Exercise objective>
What is needed is the run of lines from the one with "n \<Longrightarrow> Tperp" through the close of the data, set down exactly.

++++ Available records

(* For $n\ge 1$, the subtree number indices of the spiro ortho-chain $O_n$, meta-chain $M_n$ and para-chain $P_n$ with $n$ hexagons are \[ \mathrm{STN}(O_n)=\frac{256(16^{n-1}-1)}{9}+\frac{25(n-1)}{3}+36,\qquad \mathrm{STN}(M_n)=\frac{325(13^{n-1}-1)}{9}+\frac{5(n-1)}{3}+36, \] \[ \mathrm{STN}(P_n)=\frac{4800(12^{n-1}-1)}{121}-\frac{15(n-1)}{11}+36. \]
   Context: For a graph $G$, $\mathrm{STN}(G)$ is the number of nonempty subtrees of $G$ (subgraphs that are trees, single vertices included). A spiro chain with $n$ hexagons consists of hexagons (6-cycles) $H_1,\dots,H_n$ such that $H_i$ and $H_{i+1}$ share exactly one vertex (a cut vertex) for $i=1,\dots,n-1$, non-consecutive hexagons are vertex-disjoint, and the graph is the union of these hexagons. For $2\le i\le n-1$, $H_i$ contains two distinct cut vertices. The spiro ortho-chain $O_n$ (resp. meta-chain $M_n$, para-chain $P_n$) is the spiro chain in which, for every $2\le i\le n-1$, these two cut vertices are at distance $1$ (resp. $2$, $3$) in $H_i$. *)

theory Defs
  imports Complex_Main
begin

definition is_graph :: "'a set \<Rightarrow> 'a set set \<Rightarrow> bool" where
  "is_graph V E \<longleftrightarrow> finite V \<and> (\<forall>e\<in>E. \<exists>u v. u \<noteq> v \<and> e = {u, v} \<and> u \<in> V \<and> v \<in> V)"

definition connected_graph :: "'a set \<Rightarrow> 'a set set \<Rightarrow> bool" where
  "connected_graph V E \<longleftrightarrow> V \<noteq> {} \<and>
     (\<forall>u\<in>V. \<forall>v\<in>V. (\<lambda>x y. {x, y} \<in> E)\<^sup>*\<^sup>* u v)"

definition has_cycle :: "'a set set \<Rightarrow> bool" where
  "has_cycle E \<longleftrightarrow> (\<exists>vs. length vs \<ge> 3 \<and> distinct vs \<and>
     (\<forall>i. Suc i < length vs \<longrightarrow> {vs ! i, vs ! Suc i} \<in> E) \<and> {last vs, hd vs} \<in> E)"

definition is_tree :: "'a set \<Rightarrow> 'a set set \<Rightarrow> bool" where
  "is_tree V E \<longleftrightarrow> is_graph V E \<and> connected_graph V E \<and> \<not> has_cycle E"

definition subtrees :: "'a set \<Rightarrow> 'a set set \<Rightarrow> ('a set \<times> 'a set set) set" where
  "subtrees V E = {(V', E'). V' \<subseteq> V \<and> E' \<subseteq> E \<and> is_tree V' E'}"

definition STN :: "'a set \<Rightarrow> 'a set set \<Rightarrow> nat" where
  "STN V E = card (subtrees V E)"

text \<open>Spiro chain with n hexagons where, in each hexagon, the next cut vertex lies at
  distance d (d = 1 ortho, d = 2 meta, d = 3 para) from the previous one along the hexagon. Hexagon i (i < n) is the 6-cycle
  entry_i, 5i+1, 5i+2, 5i+3, 5i+4, 5i+5 (back to entry_i), where entry_0 = 0 and
  entry_(i+1) = 5i+d is the vertex of hexagon i at distance d from entry_i.\<close>

fun spiro_entry :: "nat \<Rightarrow> nat \<Rightarrow> nat" where
  "spiro_entry d 0 = 0"
| "spiro_entry d (Suc i) = 5 * i + d"

definition hexagon :: "nat \<Rightarrow> nat \<Rightarrow> nat list" where
  "hexagon d i = [spiro_entry d i, 5*i+1, 5*i+2, 5*i+3, 5*i+4, 5*i+5]"
(* There are constants $c,C>0$ such that for all $n\ge2$ and all $j\le n$, $c\,n\le\mu(D_n,z_j,e_j)\le C\,n$, i.e. $\mu(D_n,z_j,e_j)=\Theta(n)$.
   Context: For $n\ge2$ let $k=\lceil\sqrt n\rceil-1$ and $S_k=\{(-1+\frac{2p}{k})+i(-1+\frac{2q}{k}):0\le p,q\le k\}\subset\mathbb{C}$. $D_n$ is the diagonal matrix whose diagonal entries $z_1,\dots,z_n$ are the first $n$ elements of $S_k$ in lexicographic order; $e_j$ are the standard basis vectors. For $v\ne0$, $T_v=v^\perp\subset\mathbb{C}^n$, $P_{v^\perp}$ the orthogonal projection onto $T_v$, $A_{\lambda,v}=P_{v^\perp}(A-\lambda\mathrm{Id})|_{T_v}$, and $\mu(A,\lambda,v)=\|A\|_F\|A_{\lambda,v}^{-1}\|$ (Frobenius norm times operator norm; $\infty$ if not invertible). *)

theory Defs
  imports Complex_Main "HOL-Library.Extended_Real"
begin

(* Vectors in C^n: functions nat => complex, coordinates 0..n-1 (zero outside).
   Matrices: nat => nat => complex, entries (i,j) with i,j < n. *)

definition cvecs :: "nat \<Rightarrow> (nat \<Rightarrow> complex) set" where
  "cvecs n = {x. \<forall>i\<ge>n. x i = 0}"

definition cinner :: "nat \<Rightarrow> (nat \<Rightarrow> complex) \<Rightarrow> (nat \<Rightarrow> complex) \<Rightarrow> complex" where
  "cinner n x y = (\<Sum>i<n. x i * cnj (y i))"

definition vnorm :: "nat \<Rightarrow> (nat \<Rightarrow> complex) \<Rightarrow> real" where
  "vnorm n x = sqrt (\<Sum>i<n. (cmod (x i))\<^sup>2)"

definition frob :: "nat \<Rightarrow> (nat \<Rightarrow> nat \<Rightarrow> complex) \<Rightarrow> real" where
  "frob n A = sqrt (\<Sum>i<n. \<Sum>j<n. (cmod (A i j))\<^sup>2)"

definition matvec :: "nat \<Rightarrow> (nat \<Rightarrow> nat \<Rightarrow> complex) \<Rightarrow> (nat \<Rightarrow> complex) \<Rightarrow> (nat \<Rightarrow> complex)" where
  "matvec n A x = (\<lambda>i. if i < n then (\<Sum>j<n. A i j * x j) else 0)"

definition shiftmat :: "nat \<Rightarrow> (nat \<Rightarrow> nat \<Rightarrow> complex) \<Rightarrow> complex \<Rightarrow> (nat \<Rightarrow> nat \<Rightarrow> complex)" where
  "shiftmat n A lam = (\<lambda>i j. A i j - (if i = j \<and> i < n then lam else 0))"

definition Tperp :: "nat \<Rightarrow> (nat \<Rightarrow> complex) \<Rightarrow> (nat \<Rightarrow> complex) set" where
  "Tperp n v = {x \<in> cvecs n. cinner n x v = 0}"

definition projperp :: "nat \<Rightarrow> (nat \<Rightarrow> complex) \<Rightarrow> (nat \<Rightarrow> complex) \<Rightarrow> (nat \<Rightarrow> complex)" where
  "projperp n v x = (\<lambda>i. if i < n then x i - (cinner n x v / cinner n v v) * v i else 0)"

definition Aop :: "nat \<Rightarrow> (nat \<Rightarrow> nat \<Rightarrow> complex) \<Rightarrow> complex \<Rightarrow> (nat \<Rightarrow> complex) \<Rightarrow> (nat \<Rightarrow> complex) \<Rightarrow> (nat \<Rightarrow> complex)" where
  "Aop n A lam v = (\<lambda>x. projperp n v (matvec n (shiftmat n A lam) x))"

definition mu :: "nat \<Rightarrow> (nat \<Rightarrow> nat \<Rightarrow> complex) \<Rightarrow> complex \<Rightarrow> (nat \<Rightarrow> complex) \<Rightarrow> ereal" where
  "mu n A lam v =
    (if bij_betw (Aop n A lam v) (Tperp n v) (Tperp n v)
     then ereal (frob n A * Sup {vnorm n (inv_into (Tperp n v) (Aop n A lam v) y) | y.
                                   y \<in> Tperp n v \<and> vnorm n y = 1})
     else \<infinity>)"

definition kk :: "nat \<Rightarrow> nat" where
  "kk n = nat \<lceil>sqrt (real n)\<rceil> - 1"

definition Sgrid :: "nat \<Rightarrow> complex set" where
  "Sgrid k = {Complex (-1 + 2 * real p / real k) (-1 + 2 * real q / real k) | p q. p \<le> k \<and> q \<le> k}"

definition lexless :: "complex \<Rightarrow> complex \<Rightarrow> bool" where
  "lexless z w \<longleftrightarrow> Re z < Re w \<or> (Re z = Re w \<and> Im z < Im w)"

definition Slist :: "nat \<Rightarrow> complex list" where
  "Slist k = (THE xs. sorted_wrt lexless xs \<and> set xs = Sgrid k)"

text \<open>z n i (0-based, i < n) is the (i+1)-th element of S_k, k = kk n\<close>
definition zz :: "nat \<Rightarrow> nat \<Rightarrow> complex" where
  "zz n i = Slist (kk n) ! i"

definition Dmat :: "nat \<Rightarrow> (nat \<Rightarrow> nat \<Rightarrow> complex)" where
  "Dmat n = (\<lambda>i j. if i = j \<and> i < n then zz n i else 0)"

definition ebasis :: "nat \<Rightarrow> (nat \<Rightarrow> complex)" where
  "ebasis j = (\<lambda>i. if i = j then 1 else 0)"

end

theory Submission
  imports Defs "HOL-Library.Product_Lexorder"
begin

text \<open>
  For a diagonal matrix with eigenvalues \<open>z i\<close>, the operator \<open>A\<close> at \<open>\<lambda> = z j\<close>, \<open>v = e j\<close> is the
  diagonal operator with entries \<open>z i - z j\<close> (\<open>i \<noteq> j\<close>) on the orthogonal complement of \<open>e j\<close>,
  so the norm of its inverse is the reciprocal of the distance from \<open>z j\<close> to the nearest other
  eigenvalue. On the grid \<open>S k\<close> this distance is the mesh \<open>2/k\<close>, attained by a horizontal or
  vertical neighbour, and \<open>k\<close> is about \<open>sqrt n\<close>. The Frobenius norm is of order \<open>sqrt n\<close>:
  every grid point has modulus at most \<open>sqrt 2\<close>, and a fixed fraction of the first \<open>n\<close> points
  lie in the strip \<open>Re z \<le> -1/2\<close>. Hence \<open>\<mu>\<close> is of order \<open>sqrt n \<cdot> k/2\<close>, i.e. of order \<open>n\<close>.
\<close>

definition diag_mat :: "nat \<Rightarrow> (nat \<Rightarrow> complex) \<Rightarrow> nat \<Rightarrow> nat \<Rightarrow> complex" where
  "diag_mat n z = (\<lambda>i j. if i = j \<and> i < n then z i else 0)"

lemma cinner_ebasis: "j < n \<Longrightarrow> cinner n x (ebasis j) = x j"
  by (simp add: cinner_def ebasis_def if_distrib cong: if_cong)

lemma Tperp_ebasis: "j < n \<Longrightarrow> Tperp n (ebasis j) = {x \<in> cvecs n. x j = 0}"
  by (simp add: Tperp_def cinner_ebasis)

++++++++

Answer to the exercise>
lemma Tperp_ebasis: "j < n \<Longrightarrow> Tperp n (ebasis j) = {x \<in> cvecs n. x j = 0}"
  by (simp add: Tperp_def cinner_ebasis)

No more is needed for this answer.